European Journal of Biochemistry, 2005
Glycopeptides and oligosaccharides of either the N-acetyllactosaminic or the oligomannosidic type derived from glycoproteins containing the N-glycosylamine linkage were used to define the specificity of different lectins (concanavalin A, Lens culinaris agglutinin, Vicia faba agglutinin, Pisum sativum agglutinin, Ricinus communis agglutinins, soybean agglutinin, wheat germ agglutinin, Solanum tuberosum agglutinin, Datura stramonium agglutinin, Lotus tetragonolobus agglutinin, Ulex europeus agglutinin) by studying the inhibition of human red blood cell agglutination by these structures. The results obtained show that lectins considered 'identical' in terms of monosaccharide specificity, possess the ability to recognize fine differences in more complex structures. In fact, different lectins are able to recognize different saccharidic sequences on the same glycan structure.
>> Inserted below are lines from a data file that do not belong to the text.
locale dilation_data =
  M: vector_space scM + N: vector_space scN
  for scM :: "'k::field \<Rightarrow> 'm::ab_group_add \<Rightarrow> 'm"
    and scN :: "'k \<Rightarrow> 'n::ab_group_add \<Rightarrow> 'n"
    and \<pi> :: "'h::monoid_mult \<Rightarrow> 'm \<Rightarrow> 'm"
    and act :: "'h \<Rightarrow> 'n \<Rightarrow> 'n"
    and T :: "'n \<Rightarrow> 'n"
    and \<theta> :: "'m \<Rightarrow> 'n" +
  assumes linear_act: "Vector_Spaces.linear scN scN (act h)"
    and act_one: "act 1 x = x"
    and act_mult: "act (g * h) x = act g (act h x)"
    and linear_T: "Vector_Spaces.linear scN scN T"
    and linear_theta: "Vector_Spaces.linear scM scN \<theta>"
    and inj_theta: "inj \<theta>"
    and range_theta: "range \<theta> = range T"
    and pi_one: "\<pi> 1 m = m"
    and theta_pi: "\<theta> (\<pi> h m) = T (act h (\<theta> m))"
begin

sublocale Hom: vector_space "hom_scale scM"
  by (rule vector_space_hom_scale) unfold_locales

interpretation act: Vector_Spaces.linear scN scN "act h" for h
  by (rule linear_act)

interpretation T: Vector_Spaces.linear scN scN T
  by (rule linear_T)

interpretation \<theta>: Vector_Spaces.linear scM scN \<theta>
  by (rule linear_theta)

definition comparison :: "'n \<Rightarrow> 'h \<Rightarrow> 'm" where
  "comparison x = (\<lambda>h. inv \<theta> (T (act h x)))"

lemma theta_comparison: "\<theta> (comparison x h) = T (act h x)"
  unfolding comparison_def by (metis range_theta rangeI f_inv_into_f)

lemma comparison_eqI: "\<theta> m = T (act h x) \<Longrightarrow> comparison x h = m"
  by (metis theta_comparison inj_theta injD)

lemma comparison_eq_zero_iff: "comparison x = 0 \<longleftrightarrow> (\<forall>h. T (act h x) = 0)"
proof -
  have "comparison x h = 0 \<longleftrightarrow> T (act h x) = 0" for h
    using comparison_eqI[of 0 h x] theta_comparison[of x h] by auto
  then show ?thesis
    by (simp add: fun_eq_iff)
qed

lemma linear_comparison: "Vector_Spaces.linear scN (hom_scale scM) comparison"
proof -
  have "comparison (x + y) = comparison x + comparison y" for x y
    by (rule ext, rule comparison_eqI) (simp add: \<theta>.add theta_comparison act.add T.add)
  moreover have "comparison (scN c x) = hom_scale scM c (comparison x)" for c x
    by (rule ext, rule comparison_eqI)
      (simp add: hom_scale_def \<theta>.scale theta_comparison act.scale T.scale)
  ultimately show ?thesis
    by (simp add: Vector_Spaces.linear_iff N.vector_space_axioms Hom.vector_space_axioms)
qed

interpretation comparison: Vector_Spaces.linear scN "hom_scale scM" comparison
  by (rule linear_comparison)

lemma comparison_act: "comparison (act g x) = hom_act g (comparison x)"
  unfolding hom_act_def by (rule ext, rule comparison_eqI) (simp add: theta_comparison act_mult)

lemma comparison_theta: "comparison (\<theta> m) = std_phi \<pi> m"
  unfolding std_phi_def by (rule ext, rule comparison_eqI) (simp add: theta_pi)

lemma T_std_comparison: "T_std \<pi> (comparison x) = comparison (T x)"
  unfolding T_std_def std_phi_def
  by (rule ext, rule sym, rule comparison_eqI) (simp add: theta_pi theta_comparison act_one)

lemma comparison_unique:
  assumes act_eq: "\<And>h x. \<Phi> (act h x) = hom_act h (\<Phi> x)"
    and T_eq: "\<And>x. T_std \<pi> (\<Phi> x) = \<Phi> (T x)"
    and theta_eq: "\<And>m. \<Phi> (\<theta> m) = std_phi \<pi> m"
  shows "\<Phi> = comparison"
proof (intro ext)
  fix x h
  obtain m where m: "\<theta> m = T (act h x)"
    using range_theta by (metis rangeE rangeI)
  have "\<Phi> x h = \<Phi> (act h x) 1"
    by (simp add: act_eq hom_act_def)
  also have "\<dots> = T_std \<pi> (\<Phi> (act h x)) 1"
    by (simp add: T_std_def std_phi_def pi_one)
  also have "\<dots> = \<Phi> (\<theta> m) 1"
    by (simp add: T_eq m)
  also have "\<dots> = m"
    by (simp add: theta_eq std_phi_def pi_one)
  finally show "\<Phi> x h = comparison x h"
    using comparison_eqI[OF m] by simp
qed
theorem proposition5p8:
  fixes B B' h :: "complex ^'n ^'n" and k :: nat
  assumes "k \<ge> 1"
    and "B ** commutator B (conj_transpose B) = - B"
    and "matpow B k \<noteq> 0"
    and "matpow B (Suc k) = 0"
    and "invertible h"
    and "B' = h ** B ** matrix_inv h"
    and "B' ** commutator B' (conj_transpose B') = - B'"
  shows "\<exists>U. unitary_mat U \<and> B' = U ** B ** matrix_inv U"
proof -
  \<comment> \<open>The hypotheses k \<ge> 1 and B^k \<noteq> 0 only fix the exact nilpotency index.\<close>
  have pow: "matpow B' j = h ** matpow B j ** matrix_inv h" for j
    unfolding assms(6) using assms(5) by (rule matpow_similar)
  have "ladder_pair B B' k k"
    using assms(2,4,7) pow [of "Suc k"] by unfold_locales simp_all
  moreover have "\<forall>j. vec.dim {x. matpow B j *v x = 0} = vec.dim {x. matpow B' j *v x = 0}"
    by (simp add: pow dim_kernel_similar [OF assms(5)])
  ultimately obtain U where "unitary_mat U" "B' = U ** B ** conj_transpose U"
    using ladder_pair.unitarily_similar by blast
  then show ?thesis
    using unitary_matrix_inv by metis
qed

end
(* Let $d=d_1+\dots+d_l$ and let $f:\mathbb{R}^d\to\mathbb{R}$ be differentiable with $f(x)\ge f^{\inf}$ for all $x$ (some $f^{\inf}\in\mathbb{R}$), and $f(x)\le f(y)+\langle\nabla f(y),x-y\rangle+\tfrac12\langle {\bf L}(x-y),x-y\rangle$ for all $x,y$, where ${\bf L}=\mathrm{Diag}({\bf L}_1,\dots,{\bf L}_l)$ with ${\bf L}_i\in\mathbb{S}^{d_i}_{++}$. For each $i\in[l]$ let $({\bf S}_i^k)_{k\ge0}$ be i.i.d. random matrices in $\mathbb{S}^{d_i}_+$ with $\mathbb{E}[{\bf S}_i^k]={\bf I}_{d_i}$, and set ${\bf S}^k:=\mathrm{Diag}({\bf S}_1^k,\dots,{\bf S}_l^k)$. Choose ${\bf W}_i\in\mathbb{S}^{d_i}_{++}$ and scalars $\gamma_i>0$ such that $$\gamma_i\le \lambda_{\max}^{-1}\Big(\mathbb{E}\big[{\bf W}_i^{-1/2}{\bf S}_i^k{\bf W}_i{\bf L}_i{\bf W}_i{\bf S}_i^k{\bf W}_i^{-1/2}\big]\Big)\qquad\forall i\in[l].$$ Let ${\bf W}:=\mathrm{Diag}({\bf W}_1,\dots,{\bf W}_l)$, $\Gamma:=\mathrm{Diag}(\gamma_1{\bf I}_{d_1},\dots,\gamma_l{\bf I}_{d_l})$, ${\bf D}:=\Gamma{\bf W}$, fix $x^0\in\mathbb{R}^d$ and let $x^{k+1}=x^k-{\bf D}{\bf S}^k\nabla f(x^k)$. Then for every $K\ge1$, $$\frac1K\sum_{k=0}^{K-1}\mathbb{E}\Big[\|\nabla f(x^k)\|^2_{\Gamma{\bf W}/\det(\Gamma{\bf W})^{1/d}}\Big]\le\frac{2(f(x^0)-f^{\inf})}{\det(\Gamma{\bf W})^{1/d}\,K}.$$
   Context: $\mathbb{S}^m_{+}$ (resp. $\mathbb{S}^m_{++}$): symmetric positive semidefinite (resp. definite) $m\times m$ matrices. $\mathrm{Diag}({\bf A}_1,\dots,{\bf A}_l)$ is the block-diagonal matrix with blocks ${\bf A}_i$. $\|x\|_{{\bf Q}}^2:=\langle{\bf Q}x,x\rangle$. $\lambda_{\max}$ denotes the largest eigenvalue. All expectations are assumed finite. *)

theory Defs
  imports "HOL-Probability.Probability"
begin

text \<open>Block structure: the coordinates 'n of R^d are partitioned into blocks
  indexed by 'b via blk :: 'n => 'b (block i = {j. blk j = i}, of size d_i).\<close>

definition block_diag :: "('n::finite \<Rightarrow> 'b) \<Rightarrow> real^'n^'n \<Rightarrow> bool" where
  "block_diag blk A \<longleftrightarrow> (\<forall>i j. blk i \<noteq> blk j \<longrightarrow> A $ i $ j = 0)"

definition sym_mat :: "real^'n^'n \<Rightarrow> bool" where
  "sym_mat A \<longleftrightarrow> transpose A = A"

text \<open>vectors supported on block b (i.e. the copy of R^{d_b} inside R^d)\<close>
definition block_vec :: "('n::finite \<Rightarrow> 'b) \<Rightarrow> 'b \<Rightarrow> real^'n \<Rightarrow> bool" where
  "block_vec blk b v \<longleftrightarrow> (\<forall>i. blk i \<noteq> b \<longrightarrow> v $ i = 0)"

definition block_pd :: "('n::finite \<Rightarrow> 'b) \<Rightarrow> 'b \<Rightarrow> real^'n^'n \<Rightarrow> bool" where
  "block_pd blk b A \<longleftrightarrow> (\<forall>v. block_vec blk b v \<and> v \<noteq> 0 \<longrightarrow> v \<bullet> (A *v v) > 0)"

definition block_psd :: "('n::finite \<Rightarrow> 'b) \<Rightarrow> 'b \<Rightarrow> real^'n^'n \<Rightarrow> bool" where
  "block_psd blk b A \<longleftrightarrow> (\<forall>v. block_vec blk b v \<longrightarrow> v \<bullet> (A *v v) \<ge> 0)"

definition psd_mat :: "real^'n^'n \<Rightarrow> bool" where
  "psd_mat A \<longleftrightarrow> (\<forall>v. v \<bullet> (A *v v) \<ge> 0)"

definition block_lambda_max :: "('n::finite \<Rightarrow> 'b) \<Rightarrow> 'b \<Rightarrow> real^'n^'n \<Rightarrow> real" where
  "block_lambda_max blk b A =
     Max {c. \<exists>v. block_vec blk b v \<and> v \<noteq> 0 \<and> A *v v = c *\<^sub>R v}"

definition psd_sqrt :: "real^'n^'n \<Rightarrow> real^'n^'n" where
  "psd_sqrt A = (THE R. sym_mat R \<and> psd_mat R \<and> R ** R = A)"

definition block_scal :: "('n::finite \<Rightarrow> 'b) \<Rightarrow> ('b \<Rightarrow> real) \<Rightarrow> real^'n^'n" where
  "block_scal blk \<gamma> = (\<chi> i j. if i = j then \<gamma> (blk i) else 0)"

definition qnorm_sq :: "real^'n^'n \<Rightarrow> real^'n \<Rightarrow> real" where
  "qnorm_sq Q x = (Q *v x) \<bullet> x"

end

theory Submission
  imports Defs
begin

text \<open>By the smoothness inequality, one step \<open>x - D S g\<close> with \<open>D = \<Gamma> W\<close> and \<open>g = \<nabla>f(x)\<close> decreases \<open>f\<close>
  up to the linear term \<open>\<langle>g, D S g\<rangle>\<close> and the curvature term \<open>\<langle>L D S g, D S g\<rangle>\<close>. Given \<open>x\<close>, the
  sketch is independent of it and has mean \<open>I\<close>, so the linear term averages to \<open>\<parallel>g\<parallel>\<^sup>2\<^sub>D\<close>. Since \<open>\<Gamma>\<close>
  commutes with everything block-diagonal, the curvature term equals
  \<open>\<langle>\<Gamma>g, W\<^sup>1\<^sup>/\<^sup>2 Y W\<^sup>1\<^sup>/\<^sup>2 \<Gamma>g\<rangle>\<close> with \<open>Y = W\<^sup>-\<^sup>1\<^sup>/\<^sup>2 S W L W S W\<^sup>-\<^sup>1\<^sup>/\<^sup>2\<close>, and the stepsize rule
  \<open>\<gamma>\<^sub>i \<le> 1 / \<lambda>\<^sub>m\<^sub>a\<^sub>x(E Y\<^sub>i)\<close> bounds its expectation blockwise by \<open>\<parallel>g\<parallel>\<^sup>2\<^sub>D\<close>. Hence
  \<open>E f(x\<^sup>k\<^sup>+\<^sup>1) \<le> E f(x\<^sup>k) - E \<parallel>\<nabla>f(x\<^sup>k)\<parallel>\<^sup>2\<^sub>D / 2\<close>; telescoping from \<open>f(x\<^sup>0) - f\<^sup>i\<^sup>n\<^sup>f\<close> and rescaling
  the norm by \<open>det(D)\<^sup>1\<^sup>/\<^sup>d\<close> gives the bound.\<close>

section \<open>Symmetric matrices\<close>

lemma sym_mat_inner_commute:
  assumes "sym_mat A"
  shows "(A *v x) \<bullet> y = x \<bullet> (A *v y)"
proof -
  have "x \<bullet> (A *v y) = (x v* A) \<bullet> y" by (simp add: dot_lmul_matrix)
  also have "x v* A = transpose A *v x" by simp
  also have "transpose A = A" using assms by (simp add: sym_mat_def)
  finally show ?thesis by (rule sym)
qed

lemma inner_matrix_vector_congruence:
  fixes A P :: "real^'n^'n"
  shows "(A *v (P *v z)) \<bullet> (P *v z) = z \<bullet> ((transpose P ** A ** P) *v z)"
proof -
  have "(A *v (P *v z)) \<bullet> (P *v z) = (P *v z) \<bullet> (A *v (P *v z))"
    by (rule inner_commute)
  also have "\<dots> = z \<bullet> (transpose P *v (A *v (P *v z)))"
    using dot_lmul_matrix[of z "transpose P"] by simp
  also have "\<dots> = z \<bullet> ((transpose P ** A ** P) *v z)"
    by (simp only: matrix_vector_mul_assoc matrix_mul_assoc)
  finally show ?thesis .
qed

lemma matrix_inv_eqI:
  fixes A :: "'a::semiring_1^'n^'n"
  assumes "A ** B = mat 1" "B ** A = mat 1"
  shows "matrix_inv A = B"
  unfolding matrix_inv_def
proof (rule some_equality)
  fix C assume "A ** C = mat 1 \<and> C ** A = mat 1"
  then show "C = B" using assms by (metis matrix_mul_assoc matrix_mul_lid matrix_mul_rid)
qed (use assms in simp)

lemma linear_coeff_zero_if_quadratic_nonpos:
  fixes a b :: real
  assumes "\<And>t. 2 * t * a + t\<^sup>2 * b \<le> 0"
  shows "a = 0"
proof -
  define s where "s = 1 / (\<bar>b\<bar> + 1)"
  have s: "s > 0" "s * \<bar>b\<bar> < 1"
    unfolding s_def by (auto simp: field_simps)
  have "s * b > -1" using s abs_ge_minus_self[of b] mult_left_mono[of "-b" "\<bar>b\<bar>" s]
    by linarith
  then have pos: "s * (2 + s * b) > 0" using s by (intro mult_pos_pos) auto
  have "a\<^sup>2 * (s * (2 + s * b)) = 2 * (s * a) * a + (s * a)\<^sup>2 * b"
    by (simp add: power2_eq_square algebra_simps)
  also have "\<dots> \<le> 0" by (rule assms)
  finally show ?thesis using pos by (metis mult_pos_pos not_less zero_less_power2)
qed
As these sequences are likely to be common to numerous glycoproteins, including cell membrane glycoproteins, the results obtained with lectins in the study of cell surface carbohydrates have to be very carefully interpreted. Moreover, our results confirm previous data on the spatial configuration of the glycan moiety of glycoproteins deduced from the construction of molecular models: the fact that oligosaccharides bearing an alpha-NeuAc-(2 leads to 6)-Gal unit are more powerful inhibitors than oligosaccharides bearing an alpha-NeuAc-(2 leads to 3)-Gal unit could be related to the high rotational freedom of alpha-2,6 linkage; the observation that glycoasparagines, glycopeptides and glycoproteins possess a higher affinity for lectins than the related oligosaccharides could be explained by the fact that the glycan--amino acid linkage leads to structures more rigid than those of the oligosaccharides themselves.